■ **Brief**:
Every line of the data below should be written out word for word.

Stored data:
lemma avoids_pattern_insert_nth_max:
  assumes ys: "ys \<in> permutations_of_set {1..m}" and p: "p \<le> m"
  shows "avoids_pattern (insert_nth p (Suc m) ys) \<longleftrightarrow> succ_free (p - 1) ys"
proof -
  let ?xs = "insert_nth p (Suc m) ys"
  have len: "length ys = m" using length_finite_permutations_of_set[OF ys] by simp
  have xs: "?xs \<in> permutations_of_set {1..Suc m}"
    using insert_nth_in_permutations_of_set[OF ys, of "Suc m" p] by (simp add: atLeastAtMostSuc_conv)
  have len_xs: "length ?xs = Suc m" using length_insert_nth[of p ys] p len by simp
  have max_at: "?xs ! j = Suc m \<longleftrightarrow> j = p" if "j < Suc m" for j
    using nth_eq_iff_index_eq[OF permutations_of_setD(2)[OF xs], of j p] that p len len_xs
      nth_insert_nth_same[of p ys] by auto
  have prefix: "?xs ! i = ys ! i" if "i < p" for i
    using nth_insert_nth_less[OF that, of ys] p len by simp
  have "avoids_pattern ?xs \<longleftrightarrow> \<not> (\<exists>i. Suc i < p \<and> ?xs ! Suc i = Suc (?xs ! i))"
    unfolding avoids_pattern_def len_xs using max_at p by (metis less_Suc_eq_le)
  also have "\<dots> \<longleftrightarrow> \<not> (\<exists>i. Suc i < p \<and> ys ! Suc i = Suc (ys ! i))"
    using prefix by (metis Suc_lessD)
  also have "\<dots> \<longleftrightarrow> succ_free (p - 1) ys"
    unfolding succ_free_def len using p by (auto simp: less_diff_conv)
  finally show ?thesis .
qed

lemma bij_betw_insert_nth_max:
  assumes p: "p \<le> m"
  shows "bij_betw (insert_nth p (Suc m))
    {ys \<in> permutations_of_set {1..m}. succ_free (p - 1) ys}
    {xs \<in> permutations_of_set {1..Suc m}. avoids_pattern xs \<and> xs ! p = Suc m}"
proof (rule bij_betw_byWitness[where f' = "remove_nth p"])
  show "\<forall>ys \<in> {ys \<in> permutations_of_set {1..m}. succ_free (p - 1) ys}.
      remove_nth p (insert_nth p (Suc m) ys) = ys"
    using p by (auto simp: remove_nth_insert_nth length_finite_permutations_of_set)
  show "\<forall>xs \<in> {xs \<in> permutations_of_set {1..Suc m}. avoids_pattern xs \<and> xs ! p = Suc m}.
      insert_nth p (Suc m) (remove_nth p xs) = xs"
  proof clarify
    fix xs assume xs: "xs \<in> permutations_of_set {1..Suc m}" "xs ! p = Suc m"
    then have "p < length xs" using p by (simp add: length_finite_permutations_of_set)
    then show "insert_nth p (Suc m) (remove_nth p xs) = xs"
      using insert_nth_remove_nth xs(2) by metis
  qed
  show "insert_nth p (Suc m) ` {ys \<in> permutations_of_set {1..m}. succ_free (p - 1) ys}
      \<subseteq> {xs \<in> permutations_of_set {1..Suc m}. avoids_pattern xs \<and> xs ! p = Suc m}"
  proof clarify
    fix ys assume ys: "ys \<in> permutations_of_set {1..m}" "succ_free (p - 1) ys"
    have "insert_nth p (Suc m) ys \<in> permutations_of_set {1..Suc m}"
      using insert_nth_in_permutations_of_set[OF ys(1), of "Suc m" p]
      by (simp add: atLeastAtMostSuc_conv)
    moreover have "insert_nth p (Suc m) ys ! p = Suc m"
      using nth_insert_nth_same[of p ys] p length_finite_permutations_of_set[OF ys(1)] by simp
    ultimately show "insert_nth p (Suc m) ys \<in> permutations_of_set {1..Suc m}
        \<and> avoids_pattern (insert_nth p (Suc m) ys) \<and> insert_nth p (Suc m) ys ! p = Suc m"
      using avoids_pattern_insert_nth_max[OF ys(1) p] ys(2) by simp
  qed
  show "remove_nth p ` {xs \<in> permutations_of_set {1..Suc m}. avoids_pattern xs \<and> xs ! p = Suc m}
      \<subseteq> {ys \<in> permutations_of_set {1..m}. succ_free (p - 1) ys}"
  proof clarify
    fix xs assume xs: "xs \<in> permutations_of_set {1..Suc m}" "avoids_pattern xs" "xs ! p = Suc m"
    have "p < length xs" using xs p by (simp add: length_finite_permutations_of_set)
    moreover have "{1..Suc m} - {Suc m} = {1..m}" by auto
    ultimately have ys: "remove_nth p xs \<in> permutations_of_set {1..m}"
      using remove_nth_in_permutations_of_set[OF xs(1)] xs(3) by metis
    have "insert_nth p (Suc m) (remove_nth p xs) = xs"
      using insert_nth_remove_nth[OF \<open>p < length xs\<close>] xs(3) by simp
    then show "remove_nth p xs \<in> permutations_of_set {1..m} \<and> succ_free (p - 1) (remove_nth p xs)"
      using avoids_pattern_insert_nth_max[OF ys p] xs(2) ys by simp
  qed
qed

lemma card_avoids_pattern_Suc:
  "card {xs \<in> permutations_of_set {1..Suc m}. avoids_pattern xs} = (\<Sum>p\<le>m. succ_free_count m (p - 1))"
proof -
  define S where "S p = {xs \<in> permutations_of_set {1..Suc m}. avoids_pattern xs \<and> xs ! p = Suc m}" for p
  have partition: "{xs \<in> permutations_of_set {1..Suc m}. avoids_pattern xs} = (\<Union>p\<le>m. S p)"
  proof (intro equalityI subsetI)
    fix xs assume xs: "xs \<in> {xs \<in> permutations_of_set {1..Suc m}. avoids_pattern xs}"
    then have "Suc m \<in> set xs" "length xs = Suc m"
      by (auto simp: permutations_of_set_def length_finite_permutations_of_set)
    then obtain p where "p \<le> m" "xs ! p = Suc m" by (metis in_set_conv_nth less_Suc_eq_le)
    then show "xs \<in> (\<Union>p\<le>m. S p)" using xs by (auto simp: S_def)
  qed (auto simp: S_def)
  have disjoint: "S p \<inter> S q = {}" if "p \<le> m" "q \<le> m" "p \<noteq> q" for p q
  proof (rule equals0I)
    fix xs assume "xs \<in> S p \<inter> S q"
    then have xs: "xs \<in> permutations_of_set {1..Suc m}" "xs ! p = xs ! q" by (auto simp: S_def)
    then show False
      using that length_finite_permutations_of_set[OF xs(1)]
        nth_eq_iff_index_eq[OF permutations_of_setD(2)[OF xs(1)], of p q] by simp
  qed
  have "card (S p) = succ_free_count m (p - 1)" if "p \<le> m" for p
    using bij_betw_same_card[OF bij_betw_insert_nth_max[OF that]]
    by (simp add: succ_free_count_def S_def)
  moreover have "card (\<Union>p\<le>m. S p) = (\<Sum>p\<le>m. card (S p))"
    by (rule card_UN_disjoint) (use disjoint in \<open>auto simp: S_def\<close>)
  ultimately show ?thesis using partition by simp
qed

■ **Answer to this problem**:
lemma avoids_pattern_insert_nth_max:
  assumes ys: "ys \<in> permutations_of_set {1..m}" and p: "p \<le> m"
  shows "avoids_pattern (insert_nth p (Suc m) ys) \<longleftrightarrow> succ_free (p - 1) ys"
proof -
  let ?xs = "insert_nth p (Suc m) ys"
  have len: "length ys = m" using length_finite_permutations_of_set[OF ys] by simp
  have xs: "?xs \<in> permutations_of_set {1..Suc m}"
    using insert_nth_in_permutations_of_set[OF ys, of "Suc m" p] by (simp add: atLeastAtMostSuc_conv)
  have len_xs: "length ?xs = Suc m" using length_insert_nth[of p ys] p len by simp
  have max_at: "?xs ! j = Suc m \<longleftrightarrow> j = p" if "j < Suc m" for j
    using nth_eq_iff_index_eq[OF permutations_of_setD(2)[OF xs], of j p] that p len len_xs
      nth_insert_nth_same[of p ys] by auto
  have prefix: "?xs ! i = ys ! i" if "i < p" for i
    using nth_insert_nth_less[OF that, of ys] p len by simp
  have "avoids_pattern ?xs \<longleftrightarrow> \<not> (\<exists>i. Suc i < p \<and> ?xs ! Suc i = Suc (?xs ! i))"
    unfolding avoids_pattern_def len_xs using max_at p by (metis less_Suc_eq_le)
  also have "\<dots> \<longleftrightarrow> \<not> (\<exists>i. Suc i < p \<and> ys ! Suc i = Suc (ys ! i))"
    using prefix by (metis Suc_lessD)
  also have "\<dots> \<longleftrightarrow> succ_free (p - 1) ys"
    unfolding succ_free_def len using p by (auto simp: less_diff_conv)
  finally show ?thesis .
qed

lemma bij_betw_insert_nth_max:
  assumes p: "p \<le> m"
  shows "bij_betw (insert_nth p (Suc m))
    {ys \<in> permutations_of_set {1..m}. succ_free (p - 1) ys}
    {xs \<in> permutations_of_set {1..Suc m}. avoids_pattern xs \<and> xs ! p = Suc m}"
proof (rule bij_betw_byWitness[where f' = "remove_nth p"])
  show "\<forall>ys \<in> {ys \<in> permutations_of_set {1..m}. succ_free (p - 1) ys}.
      remove_nth p (insert_nth p (Suc m) ys) = ys"
    using p by (auto simp: remove_nth_insert_nth length_finite_permutations_of_set)
  show "\<forall>xs \<in> {xs \<in> permutations_of_set {1..Suc m}. avoids_pattern xs \<and> xs ! p = Suc m}.
      insert_nth p (Suc m) (remove_nth p xs) = xs"
  proof clarify
    fix xs assume xs: "xs \<in> permutations_of_set {1..Suc m}" "xs ! p = Suc m"
    then have "p < length xs" using p by (simp add: length_finite_permutations_of_set)
    then show "insert_nth p (Suc m) (remove_nth p xs) = xs"
      using insert_nth_remove_nth xs(2) by metis
  qed
  show "insert_nth p (Suc m) ` {ys \<in> permutations_of_set {1..m}. succ_free (p - 1) ys}
      \<subseteq> {xs \<in> permutations_of_set {1..Suc m}. avoids_pattern xs \<and> xs ! p = Suc m}"
  proof clarify
    fix ys assume ys: "ys \<in> permutations_of_set {1..m}" "succ_free (p - 1) ys"
    have "insert_nth p (Suc m) ys \<in> permutations_of_set {1..Suc m}"
      using insert_nth_in_permutations_of_set[OF ys(1), of "Suc m" p]
      by (simp add: atLeastAtMostSuc_conv)
    moreover have "insert_nth p (Suc m) ys ! p = Suc m"
      using nth_insert_nth_same[of p ys] p length_finite_permutations_of_set[OF ys(1)] by simp
    ultimately show "insert_nth p (Suc m) ys \<in> permutations_of_set {1..Suc m}
        \<and> avoids_pattern (insert_nth p (Suc m) ys) \<and> insert_nth p (Suc m) ys ! p = Suc m"
      using avoids_pattern_insert_nth_max[OF ys(1) p] ys(2) by simp
  qed
  show "remove_nth p ` {xs \<in> permutations_of_set {1..Suc m}. avoids_pattern xs \<and> xs ! p = Suc m}
      \<subseteq> {ys \<in> permutations_of_set {1..m}. succ_free (p - 1) ys}"
  proof clarify
    fix xs assume xs: "xs \<in> permutations_of_set {1..Suc m}" "avoids_pattern xs" "xs ! p = Suc m"
    have "p < length xs" using xs p by (simp add: length_finite_permutations_of_set)
    moreover have "{1..Suc m} - {Suc m} = {1..m}" by auto
    ultimately have ys: "remove_nth p xs \<in> permutations_of_set {1..m}"
      using remove_nth_in_permutations_of_set[OF xs(1)] xs(3) by metis
    have "insert_nth p (Suc m) (remove_nth p xs) = xs"
      using insert_nth_remove_nth[OF \<open>p < length xs\<close>] xs(3) by simp
    then show "remove_nth p xs \<in> permutations_of_set {1..m} \<and> succ_free (p - 1) (remove_nth p xs)"
      using avoids_pattern_insert_nth_max[OF ys p] xs(2) ys by simp
  qed
qed

lemma card_avoids_pattern_Suc:
  "card {xs \<in> permutations_of_set {1..Suc m}. avoids_pattern xs} = (\<Sum>p\<le>m. succ_free_count m (p - 1))"
proof -
  define S where "S p = {xs \<in> permutations_of_set {1..Suc m}. avoids_pattern xs \<and> xs ! p = Suc m}" for p
  have partition: "{xs \<in> permutations_of_set {1..Suc m}. avoids_pattern xs} = (\<Union>p\<le>m. S p)"
  proof (intro equalityI subsetI)
    fix xs assume xs: "xs \<in> {xs \<in> permutations_of_set {1..Suc m}. avoids_pattern xs}"
    then have "Suc m \<in> set xs" "length xs = Suc m"
      by (auto simp: permutations_of_set_def length_finite_permutations_of_set)
    then obtain p where "p \<le> m" "xs ! p = Suc m" by (metis in_set_conv_nth less_Suc_eq_le)
    then show "xs \<in> (\<Union>p\<le>m. S p)" using xs by (auto simp: S_def)
  qed (auto simp: S_def)
  have disjoint: "S p \<inter> S q = {}" if "p \<le> m" "q \<le> m" "p \<noteq> q" for p q
  proof (rule equals0I)
    fix xs assume "xs \<in> S p \<inter> S q"
    then have xs: "xs \<in> permutations_of_set {1..Suc m}" "xs ! p = xs ! q" by (auto simp: S_def)
    then show False
      using that length_finite_permutations_of_set[OF xs(1)]
        nth_eq_iff_index_eq[OF permutations_of_setD(2)[OF xs(1)], of p q] by simp
  qed
  have "card (S p) = succ_free_count m (p - 1)" if "p \<le> m" for p
    using bij_betw_same_card[OF bij_betw_insert_nth_max[OF that]]
    by (simp add: succ_free_count_def S_def)
  moreover have "card (\<Union>p\<le>m. S p) = (\<Sum>p\<le>m. card (S p))"
    by (rule card_UN_disjoint) (use disjoint in \<open>auto simp: S_def\<close>)
  ultimately show ?thesis using partition by simp
qed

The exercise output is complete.